Arthur Rambo: How a malicious virtual footprint quickly destroyed a promising reality

Arthur Rambo: How a malicious virtual footprint quickly destroyed a promising reality
Film Review: Laurent Cantet's latest cinematic venture examines the myopic nature of the social media generation, where the social media past of the young French-Algerian protagonist is exposed to haunt his career and his relationships.
4 min read
28 September, 2021
For Generation Z, social media has become a disassociating tool for both productive activism and severe, deep-rooted prejudice [France 2 Cinema/Les Films de Pierre/Memento Films Production]

The tyranny of social media rears its ugly head in Laurent Cantet’s latest social drama to play at the 2021 Toronto International Film Festival, about a wunderkind author whose career implodes after old, hateful tweets resurface.

Loosely based on the controversy surrounding media personality Mehdi Meklat, the drama reunites the French director with Rabah Nait Oufella, the Franco-Algerian actor who made his film debut as a teenager in Canet’s 2008 Palme d’Or-winner The Class. Oufella has since popped up in indie darlings Raw and Girlhood from Julia Ducournau and Celina Sciamma, respectively, but now he takes the lead as this Gen Z cause célèbre with quiet charm, control and fragility.

Karim D. is a fresh voice in the Parisian literary scene.
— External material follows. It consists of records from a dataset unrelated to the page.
lemma matrix_vector_mult_scaleR_algebra:
  fixes A :: "'a::real_algebra_1^'m::finite^'n"
  shows "A *v (c *\<^sub>R x) = c *\<^sub>R (A *v x)"
  by (simp add: vec_eq_iff matrix_vector_mult_def scaleR_sum_right mult_scaleR_right)

definition opnorm_ratio :: "ereal \<Rightarrow> ereal \<Rightarrow> ('a::real_normed_field)^'m^'n \<Rightarrow> 'a^'m \<Rightarrow> real" where
  "opnorm_ratio p q A x = lpnorm q (A *v x) / lpnorm p x"

lemma opnorm_ratio_nonneg: "0 \<le> opnorm_ratio p q A x"
  by (simp add: opnorm_ratio_def lpnorm_nonneg)

lemma opnorm_ratio_scaleR:
  fixes A :: "'a::real_normed_field^'m::finite^'n::finite"
  assumes "c \<noteq> 0" "0 < p" "0 < q"
  shows "opnorm_ratio p q A (c *\<^sub>R x) = opnorm_ratio p q A x"
  using assms by (simp add: opnorm_ratio_def matrix_vector_mult_scaleR_algebra lpnorm_scaleR)

text \<open>By homogeneity it suffices to maximise the ratio over the compact unit sphere.\<close>
lemma opnorm_attained:
  fixes A :: "'a::{real_normed_field,heine_borel}^'m::finite^'n::finite"
  assumes p: "0 < p" and q: "0 < q"
  obtains x0 where "x0 \<noteq> 0" "opnorm p q A = opnorm_ratio p q A x0"
    "\<And>x. x \<noteq> 0 \<Longrightarrow> opnorm_ratio p q A x \<le> opnorm_ratio p q A x0"
proof -
  let ?S = "sphere (0::'a^'m) 1"
  define y :: "'a^'m" where "y = axis undefined 1"
  have "y \<noteq> 0" by (simp add: y_def axis_eq_0_iff)
  then have "(1 / norm y) *\<^sub>R y \<in> ?S" by simp
  then have nonempty: "?S \<noteq> {}" by blast
  have "continuous_on ?S (\<lambda>x. lpnorm q (A *v x))" "continuous_on ?S (\<lambda>x. lpnorm p x)"
    unfolding matrix_vector_mult_def
    by (intro continuous_on_lpnorm p q continuous_intros; simp)+
  moreover have "lpnorm p x \<noteq> 0" if "x \<in> ?S" for x
  proof -
    from that have "x \<noteq> 0" by auto
    then show ?thesis using lpnorm_pos[of x p] by simp
  qed
  ultimately have "continuous_on ?S (opnorm_ratio p q A)"
    unfolding opnorm_ratio_def[abs_def] by (intro continuous_on_divide) auto
  then obtain x0 where x0: "x0 \<in> ?S" "\<And>y. y \<in> ?S \<Longrightarrow> opnorm_ratio p q A y \<le> opnorm_ratio p q A x0"
    using continuous_attains_sup[OF compact_sphere nonempty] by blast
  have max: "opnorm_ratio p q A x \<le> opnorm_ratio p q A x0" if "x \<noteq> 0" for x
  proof -
    have "opnorm_ratio p q A x = opnorm_ratio p q A ((1 / norm x) *\<^sub>R x)"
      using that p q by (simp add: opnorm_ratio_scaleR)
    also have "\<dots> \<le> opnorm_ratio p q A x0" using that by (intro x0(2)) simp
    finally show ?thesis .
  qed
  moreover have "x0 \<noteq> 0" using x0(1) by auto
  moreover from this max have "opnorm p q A = opnorm_ratio p q A x0"
    unfolding opnorm_def opnorm_ratio_def[symmetric] by (intro cSup_eq_maximum) auto
  ultimately show ?thesis using that by blast
qed

lemma opnorm_ratio_le_opnorm:
  fixes A :: "'a::{real_normed_field,heine_borel}^'m::finite^'n::finite"
  assumes "0 < p" "0 < q" "x \<noteq> 0"
  shows "opnorm_ratio p q A x \<le> opnorm p q A"
  by (rule opnorm_attained[OF assms(1,2), of A]) (use assms(3) in auto)

lemma opnorm_nonneg:
  fixes A :: "'a::{real_normed_field,heine_borel}^'m::finite^'n::finite"
  assumes "0 < p" "0 < q"
  shows "0 \<le> opnorm p q A"
  by (rule opnorm_attained[OF assms, of A]) (auto simp: opnorm_ratio_nonneg)

lemma opnorm_ratio_le_embedding_consts:
  fixes A :: "'a::real_normed_field^'m::finite^'n::finite"
  assumes "0 < p" "0 < q" "0 < r" "0 < s" "x \<noteq> 0"
  shows "opnorm_ratio r s A x
           \<le> lp_embedding_const CARD('m) p r * lp_embedding_const CARD('n) s q * opnorm_ratio p q A x"
proof -
  define Cm where "Cm = lp_embedding_const CARD('m) p r"
  define Cn where "Cn = lp_embedding_const CARD('n) s q"
  have "Cm > 0" "Cn > 0" by (simp_all add: Cm_def Cn_def)
  have cod: "lpnorm s (A *v x) \<le> Cn * lpnorm q (A *v x)"
    unfolding Cn_def using assms by (intro lpnorm_le_embedding_const)
  have dom: "lpnorm p x \<le> Cm * lpnorm r x"
    unfolding Cm_def using assms by (intro lpnorm_le_embedding_const)
  have "lpnorm p x > 0" "lpnorm r x > 0" using lpnorm_pos \<open>x \<noteq> 0\<close> by auto
  have "opnorm_ratio r s A x \<le> Cn * lpnorm q (A *v x) / lpnorm r x"
    unfolding opnorm_ratio_def using cod \<open>lpnorm r x > 0\<close> by (simp add: divide_right_mono)
  also have "\<dots> = Cm * Cn * lpnorm q (A *v x) / (Cm * lpnorm r x)"
    using \<open>Cm > 0\<close> by simp
  also have "\<dots> \<le> Cm * Cn * lpnorm q (A *v x) / lpnorm p x"
    using dom \<open>Cm > 0\<close> \<open>Cn > 0\<close> \<open>lpnorm p x > 0\<close> \<open>lpnorm r x > 0\<close>
    by (intro divide_left_mono) (auto simp: lpnorm_nonneg)
  finally show ?thesis by (simp add: opnorm_ratio_def Cm_def Cn_def)
qed

lemma opnorm_le_embedding_consts:
  fixes A :: "'a::{real_normed_field,heine_borel}^'m::finite^'n::finite"
  assumes "0 < p" "0 < q" "0 < r" "0 < s"
  shows "opnorm r s A
           \<le> lp_embedding_const CARD('m) p r * lp_embedding_const CARD('n) s q * opnorm p q A"
proof -
  obtain x where "x \<noteq> 0" "opnorm r s A = opnorm_ratio r s A x"
    using opnorm_attained[OF assms(3,4)] by metis
  note this(2)
  also have "opnorm_ratio r s A x
      \<le> lp_embedding_const CARD('m) p r * lp_embedding_const CARD('n) s q * opnorm_ratio p q A x"
    using assms \<open>x \<noteq> 0\<close> by (rule opnorm_ratio_le_embedding_consts)
  also have "\<dots> \<le> lp_embedding_const CARD('m) p r * lp_embedding_const CARD('n) s q * opnorm p q A"
    using assms \<open>x \<noteq> 0\<close> by (intro mult_left_mono opnorm_ratio_le_opnorm) auto
  finally show ?thesis .
qed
He built a career as a young activist and citizen journalist via a YouTube channel he set up with his friends out of the low-income housing estate where he grew up with his mother and younger brother.

"Where is the line between online and offline identities? When does provocation go too far? Can we forgive the impact of words even if they were intended in parodical jest?"

Now, he’s earning acclaim for his debut Débarquement, a personal novel exploring the insecurity of dual French and Arab identity through the story of his mother and her journey from Algeria to France.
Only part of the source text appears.